Stored data entries

(* Let $\kappa$ be an infinite cardinal. Then $\clubsuit^{\Diamond}_{\kappa^+}$ implies ${\rm Gal}(\mathscr{D}_{\kappa^+},\kappa^+,\kappa^{++})$.
   Context: For a regular uncountable cardinal $\lambda$, a superclub sequence for $\lambda$ is a sequence $(S_\alpha\mid\alpha<\lambda)$ with $S_\alpha\subseteq\alpha$ for each $\alpha$, such that for every $A\in[\lambda]^\lambda$ there is $B\in[A]^\lambda$ for which $\{\alpha<\lambda\mid B\cap\alpha=S_\alpha\}$ is stationary in $\lambda$; $\clubsuit^{\Diamond}_\lambda$ is the statement that such a sequence exists. $\mathscr{D}_{\kappa^+}$ is the club filter on $\kappa^+$. ${\rm Gal}(\mathscr{D}_{\kappa^+},\kappa^+,\kappa^{++})$ (the Galvin property) means: for every sequence $(C_\alpha\mid\alpha<\kappa^{++})$ of elements of $\mathscr{D}_{\kappa^+}$ there is $I\subseteq\kappa^{++}$ with $|I|=\kappa^+$ such that $\bigcap_{\alpha\in I}C_\alpha\in\mathscr{D}_{\kappa^+}$ (i.e. contains a club of $\kappa^+$). *)

theory Defs
  imports Main
begin

text \<open>Ordinals/cardinals are represented by well-order relations r; the ordinal's
elements are Field r, and the initial segment below a is underS r a.\<close>

definition unbounded_in :: "'a rel \<Rightarrow> 'a set \<Rightarrow> bool" where
  "unbounded_in r A \<longleftrightarrow> A \<subseteq> Field r \<and> (\<forall>a\<in>Field r. \<exists>b\<in>A. (a, b) \<in> r)"

text \<open>A is closed: every a below the top which is a limit point of A
(i.e. A is cofinal in the nonempty initial segment below a, so sup (A \<inter> a) = a) lies in A.\<close>
definition closed_in :: "'a rel \<Rightarrow> 'a set \<Rightarrow> bool" where
  "closed_in r A \<longleftrightarrow>
     (\<forall>a\<in>Field r. (A \<inter> underS r a \<noteq> {} \<and>
        (\<forall>b\<in>underS r a. \<exists>c\<in>A \<inter> underS r a. c \<noteq> b \<and> (b, c) \<in> r)) \<longrightarrow> a \<in> A)"

definition club :: "'a rel \<Rightarrow> 'a set \<Rightarrow> bool" where
  "club r C \<longleftrightarrow> C \<subseteq> Field r \<and> closed_in r C \<and> unbounded_in r C"

definition stationary :: "'a rel \<Rightarrow> 'a set \<Rightarrow> bool" where
  "stationary r S \<longleftrightarrow> S \<subseteq> Field r \<and> (\<forall>C. club r C \<longrightarrow> S \<inter> C \<noteq> {})"

definition club_filter :: "'a rel \<Rightarrow> 'a set set" where
  "club_filter r = {D. D \<subseteq> Field r \<and> (\<exists>C. club r C \<and> C \<subseteq> D)}"

definition superclub_seq :: "'a rel \<Rightarrow> ('a \<Rightarrow> 'a set) \<Rightarrow> bool" where
  "superclub_seq r S \<longleftrightarrow>
     (\<forall>\<alpha>\<in>Field r. S \<alpha> \<subseteq> underS r \<alpha>) \<and>
     (\<forall>A. A \<subseteq> Field r \<and> (card_of A, r) \<in> ordIso \<longrightarrow>
        (\<exists>B. B \<subseteq> A \<and> (card_of B, r) \<in> ordIso \<and>
             stationary r {\<alpha>\<in>Field r. B \<inter> underS r \<alpha> = S \<alpha>}))"

definition clubsuit_diamond :: "'a rel \<Rightarrow> bool" where
  "clubsuit_diamond r \<longleftrightarrow> (\<exists>S. superclub_seq r S)"

definition Galvin :: "'a rel \<Rightarrow> 'b rel \<Rightarrow> bool" where
  "Galvin l m \<longleftrightarrow>
     (\<forall>C :: 'b \<Rightarrow> 'a set. (\<forall>\<alpha>\<in>Field m. C \<alpha> \<in> club_filter l) \<longrightarrow>
        (\<exists>I. I \<subseteq> Field m \<and> (card_of I, l) \<in> ordIso \<and> (\<Inter>\<alpha>\<in>I. C \<alpha>) \<in> club_filter l))"

end

theory Submission
  imports Defs
begin

text \<open>Let \<open>\<lambda> = \<kappa>\<^sup>+\<close>, let \<open>C \<alpha>\<close> (\<open>\<alpha> < \<mu>\<close>, \<open>\<lambda> < \<mu>\<close>) be clubs and \<open>S\<close> a superclub sequence.
  Each \<open>C \<alpha>\<close> contains some \<open>B \<alpha>\<close> of size \<open>\<lambda>\<close> guessed on the stationary set
  \<open>T \<alpha> = {\<delta>. B \<alpha> \<inter> \<delta> = S \<delta>}\<close>. Only \<open>\<lambda>\<close> many \<open>\<alpha>\<close> lie in a fibre \<open>{\<alpha>. \<delta> \<in> T \<alpha>}\<close> of size
  at most \<open>\<lambda>\<close>, so for some \<open>\<alpha>0\<close> all fibres over \<open>T \<alpha>0\<close> are large, and a recursion along
  \<open>T \<alpha>0\<close> picks distinct \<open>f \<delta>\<close> with \<open>\<delta> \<in> T (f \<delta>)\<close>, i.e. \<open>B (f \<delta>) \<inter> \<delta> = S \<delta> = B \<alpha>0 \<inter> \<delta>\<close>.
  For \<open>I = f ` T \<alpha>0\<close>, which has size \<open>\<lambda>\<close>, the diagonal intersection of the \<open>C (f \<delta>)\<close> with the
  limit points of \<open>B \<alpha>0\<close> is a club inside every \<open>C \<alpha>\<close>, \<open>\<alpha> \<in> I\<close>: above \<open>\<delta>\<close> by diagonality,
  and at or below \<open>\<delta>\<close> because a limit point of \<open>B \<alpha>0\<close> there is a limit point of \<open>B (f \<delta>)\<close>.\<close>

unbundle cardinal_syntax

definition limit_point :: "'a rel \<Rightarrow> 'a set \<Rightarrow> 'a \<Rightarrow> bool" where
  "limit_point r A a \<longleftrightarrow> a \<in> Field r \<and> A \<inter> underS r a \<noteq> {} \<and>
     (\<forall>b\<in>underS r a. \<exists>c\<in>A \<inter> underS r a. c \<noteq> b \<and> (b, c) \<in> r)"

lemma closed_in_iff_limit_points: "closed_in r A \<longleftrightarrow> (\<forall>a. limit_point r A a \<longrightarrow> a \<in> A)"
  unfolding closed_in_def limit_point_def by blast

lemma limit_point_mono: "limit_point r A a \<Longrightarrow> A \<subseteq> A' \<Longrightarrow> limit_point r A' a"
  unfolding limit_point_def by blast

lemma limit_point_cong:
  "A \<inter> underS r a = A' \<inter> underS r a \<Longrightarrow> limit_point r A a \<longleftrightarrow> limit_point r A' a"
  unfolding limit_point_def by simp

lemma club_limit_point_mem: "club r A \<Longrightarrow> limit_point r A a \<Longrightarrow> a \<in> A"
  unfolding club_def closed_in_iff_limit_points by blast

locale regular_uncountable =
  fixes r :: "'a rel"
  assumes card_order: "Card_order r"
    and regular: "regularCard r"
    and uncountable: "|UNIV :: nat set| <o r"
begin

definition less_r :: "'a \<Rightarrow> 'a \<Rightarrow> bool" (infix "\<prec>" 50) where
  "x \<prec> y \<longleftrightarrow> (x, y) \<in> r \<and> x \<noteq> y"

lemma well_order: "Well_order r"
  using card_order unfolding card_order_on_def by simp

lemma refl_r: "x \<in> Field r \<Longrightarrow> (x, x) \<in> r"
  using wo_rel.REFL[of r] well_order unfolding wo_rel_def refl_on_def by blast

WORK ITEM:
Once you reach the line with "imports Defs" in the data above, copy it and every line after it exactly, up to and including the line with "B \<alpha>0 \<inter> \<delta>\<close>.".

RESPONSE FOR THIS EXERCISE:
  imports Defs
begin

text \<open>Let \<open>\<lambda> = \<kappa>\<^sup>+\<close>, let \<open>C \<alpha>\<close> (\<open>\<alpha> < \<mu>\<close>, \<open>\<lambda> < \<mu>\<close>) be clubs and \<open>S\<close> a superclub sequence.
  Each \<open>C \<alpha>\<close> contains some \<open>B \<alpha>\<close> of size \<open>\<lambda>\<close> guessed on the stationary set
  \<open>T \<alpha> = {\<delta>. B \<alpha> \<inter> \<delta> = S \<delta>}\<close>. Only \<open>\<lambda>\<close> many \<open>\<alpha>\<close> lie in a fibre \<open>{\<alpha>. \<delta> \<in> T \<alpha>}\<close> of size
  at most \<open>\<lambda>\<close>, so for some \<open>\<alpha>0\<close> all fibres over \<open>T \<alpha>0\<close> are large, and a recursion along
  \<open>T \<alpha>0\<close> picks distinct \<open>f \<delta>\<close> with \<open>\<delta> \<in> T (f \<delta>)\<close>, i.e. \<open>B (f \<delta>) \<inter> \<delta> = S \<delta> = B \<alpha>0 \<inter> \<delta>\<close>.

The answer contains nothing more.